INSTRUCTIONS TO FOLLOW: Identify every line in the records below that contains the word "backtracking", and reproduce each one.

DATA UNDER STUDY:

>>>

(* Let $G$ be a connected (finite, simple) graph, let $\mathcal{F}$ be a maximum induced forest of $G$ having the fewest connected components among all maximum induced forests of $G$, let $H$ be the contracted graph and let $B$ be a skeleton of $H$ whose configuration vector is lexicographically highest among all skeletons of $H$ (all as defined in the context). Let $B_1$ be the inner skeleton. Let $v$ be a non-tree vertex and let $x_{T_1}$ be a tree vertex that is a descendant of $v$ in $B_1$. If $vx_{T_1}$ is a 2-edge of $H$, then $x_{T_1}$ is a child of $v$ in $B_1$.
   Context: A maximum induced forest of $G$ is an induced forest with the maximum number of vertices. Let $\mathcal{T}$ be the set of connected components (trees) of $\mathcal{F}$ and $S=V(G)\setminus V(\mathcal{F})$. The graph $H$ has vertex set $\{x_T : T\in\mathcal{T}\}\cup S$ (the $x_T$ are tree vertices, the vertices of $S$ non-tree vertices) and edge set consisting of all edges of $G[S]$ together with all pairs $ux_T$ with $u\in S$, $T\in\mathcal{T}$ such that $u$ has at least one neighbor in $V(T)$ in $G$. An edge $ux_T$ of $H$ is a 2-edge if $u$ has at least two neighbors in $V(T)$ in $G$; all other edges of $H$ are 1-edges. A skeleton is a spanning tree of $H$ rooted at some tree vertex, with all edges directed towards the root. For a skeleton $B$ with root $r$, the level $\ell_B(v)$ of a vertex $v$ is the number of vertices on the path from $v$ to $r$ in $B$ (so $\ell_B(r)=1$), and the configuration vector of $B$ is $\langle |E_2(B)|, \sum_{v:\ell_B(v)=1}\deg_B(v), \sum_{v:\ell_B(v)=2}\deg_B(v),\ldots,\sum_{v:\ell_B(v)=|V(H)|}\deg_B(v)\rangle$, where $E_2(B)$ is the set of 2-edges of $B$ and $\deg_B(v)$ is the total (in plus out) degree of $v$ in $B$. Let $L_S$ be the set of vertices of $S$ that are leaves of $B$; the inner skeleton is $B_1=B[V(B)\setminus L_S]$. Parent, child and descendant refer to the rooted in-arborescence $B_1$ (edges directed from child to parent). *)

theory Defs
  imports Main
begin

(* Simple graphs are given by a vertex set V and a set E of edges, each edge
   being a two-element set {u,w}. *)

definition walk :: "'v set \<Rightarrow> 'v set set \<Rightarrow> 'v list \<Rightarrow> bool" where
  "walk V E xs \<longleftrightarrow> xs \<noteq> [] \<and> set xs \<subseteq> V \<and>
     (\<forall>i. Suc i < length xs \<longrightarrow> {xs ! i, xs ! Suc i} \<in> E)"

definition gpath :: "'v set \<Rightarrow> 'v set set \<Rightarrow> 'v list \<Rightarrow> bool" where
  "gpath V E xs \<longleftrightarrow> walk V E xs \<and> distinct xs"

definition reachable :: "'v set \<Rightarrow> 'v set set \<Rightarrow> 'v \<Rightarrow> 'v \<Rightarrow> bool" where
  "reachable V E u w \<longleftrightarrow> (\<exists>xs. walk V E xs \<and> hd xs = u \<and> last xs = w)"

definition gconnected :: "'v set \<Rightarrow> 'v set set \<Rightarrow> bool" where
  "gconnected V E \<longleftrightarrow> (\<forall>u\<in>V. \<forall>w\<in>V. reachable V E u w)"

definition has_cycle :: "'v set \<Rightarrow> 'v set set \<Rightarrow> bool" where
  "has_cycle V E \<longleftrightarrow> (\<exists>xs. gpath V E xs \<and> 3 \<le> length xs \<and> {last xs, hd xs} \<in> E)"

definition induced_edges :: "'v set set \<Rightarrow> 'v set \<Rightarrow> 'v set set" where
  "induced_edges E X = {e \<in> E. e \<subseteq> X}"

definition induced_forest :: "'v set \<Rightarrow> 'v set set \<Rightarrow> 'v set \<Rightarrow> bool" where
  "induced_forest V E X \<longleftrightarrow> X \<subseteq> V \<and> \<not> has_cycle X (induced_edges E X)"

definition components :: "'v set \<Rightarrow> 'v set set \<Rightarrow> 'v set set" where
  "components V E = {{w \<in> V. reachable V E u w} | u. u \<in> V}"

definition is_tree :: "'v set \<Rightarrow> 'v set set \<Rightarrow> bool" where
  "is_tree V E \<longleftrightarrow> gconnected V E \<and> \<not> has_cycle V E"

definition forest_trees :: "'v set set \<Rightarrow> 'v set \<Rightarrow> 'v set set" where
  "forest_trees E F = components F (induced_edges E F)"

(* The graph H: tree vertex x_T is Inl T, non-tree vertex u \<in> S is Inr u *)
definition H_vertices :: "'v set \<Rightarrow> 'v set set \<Rightarrow> 'v set \<Rightarrow> ('v set + 'v) set" where
  "H_vertices V E F = Inl ` forest_trees E F \<union> Inr ` (V - F)"

definition H_edges :: "'v set \<Rightarrow> 'v set set \<Rightarrow> 'v set \<Rightarrow> ('v set + 'v) set set" where
  "H_edges V E F =
     {{Inr u, Inr w} | u w. u \<in> V - F \<and> w \<in> V - F \<and> {u, w} \<in> E} \<union>
     {{Inr u, Inl T} | u T. u \<in> V - F \<and> T \<in> forest_trees E F \<and> (\<exists>t\<in>T. {u, t} \<in> E)}"
(* Let $G$ be a connected graph and let $H$ be obtained from $G$ by a $Q$-switching with switching set $X$. If the neighborhood graph $G_X$ is a disjoint union of cycles, then $H$ is isomorphic to $G$.
   Context: Graphs are finite and simple. $Q$ is a $k\times k$ real orthogonal matrix with no integral rows. $H$ is obtained from $G$ by a $Q$-switching with switching set $X$ ($|X|=k$) if $H$ has the same vertex set $V$ and, after ordering vertices with $X$ first, $A_H=M^TA_GM$ with $M=\operatorname{diag}(Q,-I_a,I_b)$ block diagonal, $a+b=|V|-k$. The neighborhood graph $G_X$ has vertex set $X\cup N(X)$, where $N(X)$ is the set of vertices adjacent to some vertex of $X$, and edge set the edges of $G$ with at least one endpoint in $X$. *)

theory Defs
  imports "HOL-Analysis.Analysis" "HOL-Library.Disjoint_Sets"
begin

definition simple_graph :: "('v \<Rightarrow> 'v \<Rightarrow> bool) \<Rightarrow> bool" where
  "simple_graph E \<longleftrightarrow> (\<forall>x y. E x y = E y x) \<and> (\<forall>x. \<not> E x x)"

definition connected_graph :: "('v \<Rightarrow> 'v \<Rightarrow> bool) \<Rightarrow> bool" where
  "connected_graph E \<longleftrightarrow> (\<forall>u v. (u, v) \<in> {(x, y). E x y}\<^sup>*)"

definition adj_mat :: "('v::finite \<Rightarrow> 'v \<Rightarrow> bool) \<Rightarrow> real^'v^'v" where
  "adj_mat E = (\<chi> i j. if E i j then 1 else 0)"

text \<open>H is obtained from G by a Q-switching with switching set X:
  A_H = M^T A_G M where, in the coordinates indexed by the vertices,
  M restricted to X x X is a real orthogonal matrix Q with no integral rows,
  M is zero between X and V - X, and M restricted to V - X is diagonal
  with entries -1 or 1 (i.e. diag(-I_a, I_b) after reordering).\<close>
definition q_switching ::
  "('v::finite \<Rightarrow> 'v \<Rightarrow> bool) \<Rightarrow> 'v set \<Rightarrow> ('v \<Rightarrow> 'v \<Rightarrow> bool) \<Rightarrow> bool" where
  "q_switching G X H \<longleftrightarrow> simple_graph G \<and> simple_graph H \<and>
     (\<exists>M :: real^'v^'v.
        (\<forall>i j. (i \<in> X \<and> j \<notin> X) \<or> (i \<notin> X \<and> j \<in> X) \<longrightarrow> M $ i $ j = 0) \<and>
        (\<forall>i j. i \<notin> X \<and> j \<notin> X \<and> i \<noteq> j \<longrightarrow> M $ i $ j = 0) \<and>
        (\<forall>i. i \<notin> X \<longrightarrow> M $ i $ i = 1 \<or> M $ i $ i = -1) \<and>
        (\<forall>i\<in>X. \<forall>j\<in>X. (\<Sum>k\<in>X. M $ k $ i * M $ k $ j) = (if i = j then 1 else 0)) \<and>
        (\<forall>i\<in>X. \<exists>j\<in>X. M $ i $ j \<notin> \<int>) \<and>
        adj_mat H = transpose M ** adj_mat G ** M)"

definition nbhd_vertices :: "('v \<Rightarrow> 'v \<Rightarrow> bool) \<Rightarrow> 'v set \<Rightarrow> 'v set" where
  "nbhd_vertices G X = X \<union> {v. \<exists>x\<in>X. G x v}"

definition nbhd_edges :: "('v \<Rightarrow> 'v \<Rightarrow> bool) \<Rightarrow> 'v set \<Rightarrow> 'v \<Rightarrow> 'v \<Rightarrow> bool" where
  "nbhd_edges G X u v \<longleftrightarrow> G u v \<and> (u \<in> X \<or> v \<in> X)"

definition is_cycle_on :: "'v set \<Rightarrow> ('v \<Rightarrow> 'v \<Rightarrow> bool) \<Rightarrow> bool" where
  "is_cycle_on C E \<longleftrightarrow> (\<exists>n f. n \<ge> 3 \<and> bij_betw f {0..<n} C \<and>
     (\<forall>i<n. \<forall>j<n. E (f i) (f j) \<longleftrightarrow> (j = Suc i mod n \<or> i = Suc j mod n)))"

text \<open>The graph (V, E) (E only relating vertices of V) is a disjoint union of cycles.\<close>
definition disjoint_union_of_cycles :: "'v set \<Rightarrow> ('v \<Rightarrow> 'v \<Rightarrow> bool) \<Rightarrow> bool" where
  "disjoint_union_of_cycles V E \<longleftrightarrow> (\<exists>P. partition_on V P \<and>
     (\<forall>C\<in>P. is_cycle_on C E) \<and>
     (\<forall>C\<in>P. \<forall>D\<in>P. C \<noteq> D \<longrightarrow> (\<forall>x\<in>C. \<forall>y\<in>D. \<not> E x y)))"

definition graph_iso :: "('v \<Rightarrow> 'v \<Rightarrow> bool) \<Rightarrow> ('v \<Rightarrow> 'v \<Rightarrow> bool) \<Rightarrow> bool" where
  "graph_iso G H \<longleftrightarrow> (\<exists>f. bij f \<and> (\<forall>u v. G u v \<longleftrightarrow> H (f u) (f v)))"

end

(*
  Write S = X \<union> N(X) and G_X, H_X for the neighbourhood graphs. Congruence by
  M = diag(Q, +-1) multiplies an entry of A(G) outside X by a product of two signs, which must be 1
  on edges since A(H) is a 0/1 matrix; so G and H agree outside X and A(H_X) = M^T A(G_X) M.
  As G_X is 2-regular on S, H_X has as many edges, and then the indicator vector of S attains the
  top eigenvalue 2 of A(H_X): H_X is 2-regular on S as well.

  For a cycle, the (u, v) entry of V_k(A) = 2 T_k(A/2) counts how many of the two non-backtracking
  walks of length k from u end in v. V_k commutes with orthogonal congruence and M is +-1 on the
  diagonal outside X, so these counts agree in G_X and H_X for u, v outside X. Hence the cycle of
  H_X through a vertex outside X has the length of the cycle of G_X through it and, after possibly
  reversing it, visits the vertices outside X in the same positions; distinct cycles of G_X give
  disjoint cycles of H_X. Matching every cycle of G_X with its partner is an isomorphism
  G_X -> H_X fixing all vertices outside X, hence an isomorphism G -> H. If a cycle of G_X lies
  inside X, connectivity makes it all of G, and comparing traces of V_k shows that H is a cycle of
  the same length.
*)
theory Submission
  imports Defs
begin

section \<open>Adjacency matrices and orthogonal congruence\<close>

lemma matrix_add_rdistrib: "((A :: 'a::semiring_1^'n^'m) + B) ** C = A ** C + B ** C"
  by (simp add: vec_eq_iff matrix_matrix_mult_def distrib_right sum.distrib)

lemma matrix_diff_ldistrib: "(A :: 'a::ring_1^'n^'m) ** (B - C) = A ** B - A ** C"
  by (simp add: vec_eq_iff matrix_matrix_mult_def right_diff_distrib sum_subtractf)

lemma matrix_diff_rdistrib: "((A :: 'a::ring_1^'n^'m) - B) ** C = A ** C - B ** C"
  by (simp add: vec_eq_iff matrix_matrix_mult_def left_diff_distrib sum_subtractf)

lemma trace_orthogonal_conj:
  fixes M B :: "'a::comm_ring_1^'n^'n"
  assumes "orthogonal_matrix M"
  shows "trace (transpose M ** B ** M) = trace B"
proof -
  have "trace (transpose M ** B ** M) = trace (M ** (transpose M ** B))"
    by (rule trace_mul_sym)
  also have "\<dots> = trace B"
    using assms by (simp add: matrix_mul_assoc orthogonal_matrix_def)
  finally show ?thesis .
qed

lemma inner_congruence:
  fixes M B :: "real^'n^'n"
  shows "x \<bullet> ((transpose M ** B ** M) *v x) = (M *v x) \<bullet> (B *v (M *v x))"
  by (metis dot_lmul_matrix matrix_mul_assoc matrix_vector_mul_assoc vector_transpose_matrix)

lemma adj_mat_entry: "adj_mat E $ u $ v = of_bool (E u v)"
  by (simp add: adj_mat_def)

lemma adj_mat_mult_vec: "(adj_mat E *v x) $ u = (\<Sum>v | E u v. x $ v)"
  by (simp add: matrix_vector_mult_def adj_mat_entry)

lemma trace_adj_mat_square:
  assumes "\<And>u v. E u v \<longleftrightarrow> E v u"
  shows "trace (adj_mat E ** adj_mat E) = (\<Sum>u\<in>UNIV. real (card {v. E u v}))"
  using assms by (simp add: trace_def matrix_matrix_mult_def adj_mat_def if_distrib sum.If_cases
      cong: if_cong)

lemma adj_mat_mult_indicator:
  assumes "\<And>u v. E u v \<Longrightarrow> u \<in> S \<and> v \<in> S"
  shows "(adj_mat E *v (\<chi> u. of_bool (u \<in> S))) $ u = real (card {v. E u v})"
  using assms by (simp add: adj_mat_mult_vec)

text \<open>\<open>vieta_lucas k A\<close> is \<open>2 T\<^sub>k(A/2)\<close> for the Chebyshev polynomial \<open>T\<^sub>k\<close>. For the adjacency
  matrix of a cycle its \<open>(u, v)\<close> entry counts how many of the two non-backtracking walks of
  length \<open>k\<close> from \<open>u\<close> end in \<open>v\<close>.\<close>
fun vieta_lucas :: "nat \<Rightarrow> 'a::comm_ring_1^'n^'n \<Rightarrow> 'a^'n^'n" where
  "vieta_lucas 0 A = mat 2"
| "vieta_lucas (Suc 0) A = A"
| "vieta_lucas (Suc (Suc k)) A = vieta_lucas (Suc k) A ** A - vieta_lucas k A"

lemma vieta_lucas_orthogonal_conj:
  fixes M A :: "'a::comm_ring_1^'n^'n"
  assumes "orthogonal_matrix M"
  shows "vieta_lucas k (transpose M ** A ** M) = transpose M ** vieta_lucas k A ** M"
proof (induction k A rule: vieta_lucas.induct)
  case (1 A)
  have two: "mat 2 = mat 1 + (mat 1 :: 'a^'n^'n)"
    by (simp add: vec_eq_iff mat_def)
  have "transpose M ** (mat 1 + mat 1) ** M = (mat 1 + mat 1 :: 'a^'n^'n)"
    using assms unfolding orthogonal_matrix_def
    by (simp only: matrix_add_ldistrib matrix_add_rdistrib matrix_mul_rid)
  then show ?case
    by (simp only: two vieta_lucas.simps)
next
  case (3 k A)
  have "vieta_lucas (Suc k) (transpose M ** A ** M) ** (transpose M ** A ** M)
      = transpose M ** vieta_lucas (Suc k) A ** (M ** transpose M) ** A ** M"
    using 3 by (simp add: matrix_mul_assoc)
  also have "\<dots> = transpose M ** (vieta_lucas (Suc k) A ** A) ** M"
    using assms by (simp add: matrix_mul_assoc orthogonal_matrix_def)
  finally show ?case
    using 3 by (simp add: matrix_diff_ldistrib matrix_diff_rdistrib)
qed simp
(* Let $X \in \Lambda^2_{14} = \mathfrak{g}_2$ with $\operatorname{rank} X \leq 4$. Then there exists a $\mathrm{G}_2$-adapted frame $\mathcal{B} = \{e_1,\dots,e_7\}$ such that the matrix $[X]_{\mathcal{B}}$, whose $(i,j)$ entry is $X(e_i,e_j)$, has the form $$ [X]_{\mathcal{B}} = \begin{pmatrix} 0_{3\times 3} & 0_{3\times 4} \\ 0_{4\times 3} & Y \end{pmatrix}, \qquad Y = \begin{pmatrix} 0 & -a & -b & -c \\ a & 0 & -c & b \\ b & c & 0 & -a \\ c & -b & a & 0 \end{pmatrix} $$ for some $a,b,c\in\mathbb{R}$.
   Context: Equip $\mathbb{R}^7$ with its standard inner product, orientation and basis. Let $\varphi = e_{123} - e_{167} - e_{527} - e_{563} - e_{415} - e_{426} - e_{437}$ ($e_{ijk} = e_i\wedge e_j\wedge e_k$) and define $\times$ by $\langle u\times v,w\rangle = \varphi(u,v,w)$. A skew bilinear form $X$ is identified with the operator $X$ given by $X(a,b)=\langle X(a),b\rangle$. $\Lambda^2_{14}=\mathfrak{g}_2$ is the set of skew bilinear forms $X$ with $X(v\times w) = X(v)\times w + v\times X(w)$ for all $v,w$. A $\mathrm{G}_2$-adapted frame is an oriented orthonormal basis $\{e_1,\dots,e_7\}$ with $e_3 = e_1\times e_2$, $e_5 = e_1\times e_4$, $e_6 = e_2\times e_4$, $e_7 = e_3\times e_4$. *)

theory Defs
  imports "HOL-Analysis.Analysis"
begin

text \<open>Vectors of R^7 are \<open>real^7\<close>; the standard basis vector e_i is \<open>axis i 1\<close>,
  where the index type 7 has elements 1,...,6,7 (with 7 = 0 in the index type).\<close>

definition std :: "7 \<Rightarrow> real^7" where
  "std i = axis i 1"

text \<open>e_{ijk}(u,v,w) = det of the 3x3 minor (rows i,j,k) of [u v w].\<close>
definition eijk :: "7 \<Rightarrow> 7 \<Rightarrow> 7 \<Rightarrow> real^7 \<Rightarrow> real^7 \<Rightarrow> real^7 \<Rightarrow> real" where
  "eijk i j k u v w =
     u$i * (v$j * w$k - v$k * w$j) - u$j * (v$i * w$k - v$k * w$i)
     + u$k * (v$i * w$j - v$j * w$i)"

definition phi :: "real^7 \<Rightarrow> real^7 \<Rightarrow> real^7 \<Rightarrow> real" where
  "phi u v w = eijk 1 2 3 u v w - eijk 1 6 7 u v w - eijk 5 2 7 u v w - eijk 5 6 3 u v w
              - eijk 4 1 5 u v w - eijk 4 2 6 u v w - eijk 4 3 7 u v w"

definition g2cross :: "real^7 \<Rightarrow> real^7 \<Rightarrow> real^7" where
  "g2cross u v = (\<chi> k. phi u v (std k))"

definition skew_form :: "(real^7 \<Rightarrow> real^7 \<Rightarrow> real) \<Rightarrow> bool" where
  "skew_form X \<longleftrightarrow> bilinear X \<and> (\<forall>u v. X u v = - X v u)"

definition form_op :: "(real^7 \<Rightarrow> real^7 \<Rightarrow> real) \<Rightarrow> real^7 \<Rightarrow> real^7" where
  "form_op X a = (\<chi> j. X a (std j))"

definition in_g2 :: "(real^7 \<Rightarrow> real^7 \<Rightarrow> real) \<Rightarrow> bool" where
  "in_g2 X \<longleftrightarrow> skew_form X \<and>
     (\<forall>v w. form_op X (g2cross v w) = g2cross (form_op X v) w + g2cross v (form_op X w))"

definition form_rank :: "(real^7 \<Rightarrow> real^7 \<Rightarrow> real) \<Rightarrow> nat" where
  "form_rank X = dim (range (form_op X))"

text \<open>Orientation: the matrix with rows f i has positive determinant (rows in the
  index order 7,1,...,6, a cyclic and hence even permutation of 1,...,7).\<close>
definition G2_adapted_frame :: "(7 \<Rightarrow> real^7) \<Rightarrow> bool" where
  "G2_adapted_frame f \<longleftrightarrow>
     (\<forall>i j. f i \<bullet> f j = (if i = j then 1 else 0)) \<and>
     det (\<chi> i. f i) > 0 \<and>
     f 3 = g2cross (f 1) (f 2) \<and> f 5 = g2cross (f 1) (f 4) \<and>
     f 6 = g2cross (f 2) (f 4) \<and> f 7 = g2cross (f 3) (f 4)"

definition frame_matrix :: "(real^7 \<Rightarrow> real^7 \<Rightarrow> real) \<Rightarrow> (7 \<Rightarrow> real^7) \<Rightarrow> real^7^7" where
  "frame_matrix X f = (\<chi> i j. X (f i) (f j))"

definition blk :: "7 \<Rightarrow> nat" where
  "blk t = (if t = 4 then 0 else if t = 5 then 1 else if t = 6 then 2 else 3)"

definition normal_form :: "real \<Rightarrow> real \<Rightarrow> real \<Rightarrow> real^7^7" where
  "normal_form a b c = (\<chi> i j.
     if i \<in> {4,5,6,7} \<and> j \<in> {4,5,6,7}
     then [[0,-a,-b,-c],[a,0,-c,b],[b,c,0,-a],[c,-b,a,0]] ! blk i ! blk j
     else 0)"

end

theory Submission
  imports Defs
begin

text \<open>
  Since X is a derivation of the cross product, its kernel is closed under the cross product. A
  skew form of rank at most 4 on R^7 has a kernel of dimension at least 3, so it contains an
  orthonormal pair u, v, and then also u \<times> v. Completing by a unit vector w orthogonal to
  u, v and u \<times> v gives the G2-adapted frame (u, v, u \<times> v, w, u \<times> w, v \<times> w, (u \<times> v) \<times> w).
  X vanishes on its first three vectors, and for x in the kernel the derivation rule gives
  X(x \<times> w, y) = - X(w, x \<times> y); the cross product table of the frame then forces the
  remaining 4 \<times> 4 block into the stated form with a = X(u \<times> w, w), b = X(v \<times> w, w) and
  c = X((u \<times> v) \<times> w, w).

  The only non-algebraic point is the orientation. The frame is orthonormal, so its determinant
  is \<plusminus>1 and depends continuously on the triple (u, v, w). Any two such triples are joined by
  a chain of explicit plane rotations, each a continuous path of such triples; since the triple
  (e1, e2, e4) produces the standard basis, the determinant is always 1.
\<close>

lemma det_orthogonal_matrix_path_constant:
  fixes F :: "'a::topological_space \<Rightarrow> real^'n^'n"
  assumes "connected S" "continuous_on S F" "\<And>t. t \<in> S \<Longrightarrow> orthogonal_matrix (F t)"
    and "s \<in> S" "t \<in> S"
  shows "det (F s) = det (F t)"
proof -
  have "(\<lambda>t. det (F t)) constant_on S"
  proof (rule continuous_finite_range_constant[OF \<open>connected S\<close>])
    show "continuous_on S (\<lambda>t. det (F t))"
      unfolding det_def by (intro continuous_intros assms(2))
    have "(\<lambda>t. det (F t)) ` S \<subseteq> {-1, 1}" using det_orthogonal_matrix assms(3) by fastforce
    then show "finite ((\<lambda>t. det (F t)) ` S)" by (rule finite_subset) simp
  qed
  then show ?thesis using assms(4,5) unfolding constant_on_def by metis
qed

lemma exists_unit_orthogonal:
  fixes S :: "'a::euclidean_space set"
  assumes "dim S < DIM('a)"
  obtains w where "w \<bullet> w = 1" "\<And>s. s \<in> S \<Longrightarrow> s \<bullet> w = 0"
proof -
  obtain x where "x \<noteq> 0" "\<And>y. y \<in> span S \<Longrightarrow> orthogonal x y"
    using orthogonal_to_subspace_exists[OF assms] by blast
  then show ?thesis
    using that[of "x /\<^sub>R norm x"]
    by (simp add: span_base orthogonal_def inner_commute power2_eq_square flip: power2_norm_eq_inner)
qed

lemma unit_vector_rotation:
  fixes a b c :: "'a::real_inner"
  assumes "a \<bullet> a = 1" "b \<bullet> b = 1" "c \<bullet> c = 1" "a \<bullet> c = 0"
  obtains \<theta> x where "x \<bullet> x = 1" "a \<bullet> x = 0" "b = cos \<theta> *\<^sub>R a + sin \<theta> *\<^sub>R x"
    "\<And>z. z \<bullet> a = 0 \<Longrightarrow> z \<bullet> b = 0 \<Longrightarrow> z \<bullet> c = 0 \<Longrightarrow> z \<bullet> x = 0"
proof -
  define y where "y = b - (b \<bullet> a) *\<^sub>R a"
  have ay: "a \<bullet> y = 0" unfolding y_def using assms(1) by (simp add: inner_diff_right inner_commute)
  have "b \<bullet> b = (b \<bullet> a)\<^sup>2 + (norm y)\<^sup>2"
  proof -
    have "b = (b \<bullet> a) *\<^sub>R a + y" unfolding y_def by simp
    then have "b \<bullet> b = ((b \<bullet> a) *\<^sub>R a + y) \<bullet> ((b \<bullet> a) *\<^sub>R a + y)" by simp
    also have "\<dots> = (b \<bullet> a)\<^sup>2 + y \<bullet> y" using assms(1) ay
      by (simp add: inner_add_left inner_add_right inner_commute power2_eq_square)
    finally show ?thesis by (simp add: power2_norm_eq_inner)
  qed
  then obtain \<theta> where \<theta>: "b \<bullet> a = cos \<theta>" "norm y = sin \<theta>"
    using assms(2) sincos_total_2pi by metis
  \<comment> \<open>If b = \<plusminus>a the rotation plane is not determined by a and b; c supplies it.\<close>
  define x where "x = (if y = 0 then c else y /\<^sub>R norm y)"
  show ?thesis
  proof (rule that[of x \<theta>])
    show "x \<bullet> x = 1" unfolding x_def using assms(3)
      by (simp add: power2_eq_square flip: power2_norm_eq_inner)
    show "a \<bullet> x = 0" unfolding x_def using assms(4) ay by simp
    have "sin \<theta> *\<^sub>R x = y"
    proof (cases "y = 0")
      case False
      then have "sin \<theta> \<noteq> 0" using \<theta>(2) by auto
      then show ?thesis using \<theta>(2) False by (simp add: x_def)
    qed (use \<theta>(2) in \<open>simp add: x_def\<close>)
    then show "b = cos \<theta> *\<^sub>R a + sin \<theta> *\<^sub>R x" unfolding y_def using \<theta>(1) by simp
    fix z
    assume "z \<bullet> a = 0" "z \<bullet> b = 0" "z \<bullet> c = 0"
    then have "z \<bullet> y = 0" unfolding y_def by (simp add: inner_diff_right)
    with \<open>z \<bullet> c = 0\<close> show "z \<bullet> x = 0" unfolding x_def by simp
  qed
qed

<<<

RESPONSE BOX:
  For a cycle, the (u, v) entry of V_k(A) = 2 T_k(A/2) counts how many of the two non-backtracking
  matrix of a cycle its \<open>(u, v)\<close> entry counts how many of the two non-backtracking walks of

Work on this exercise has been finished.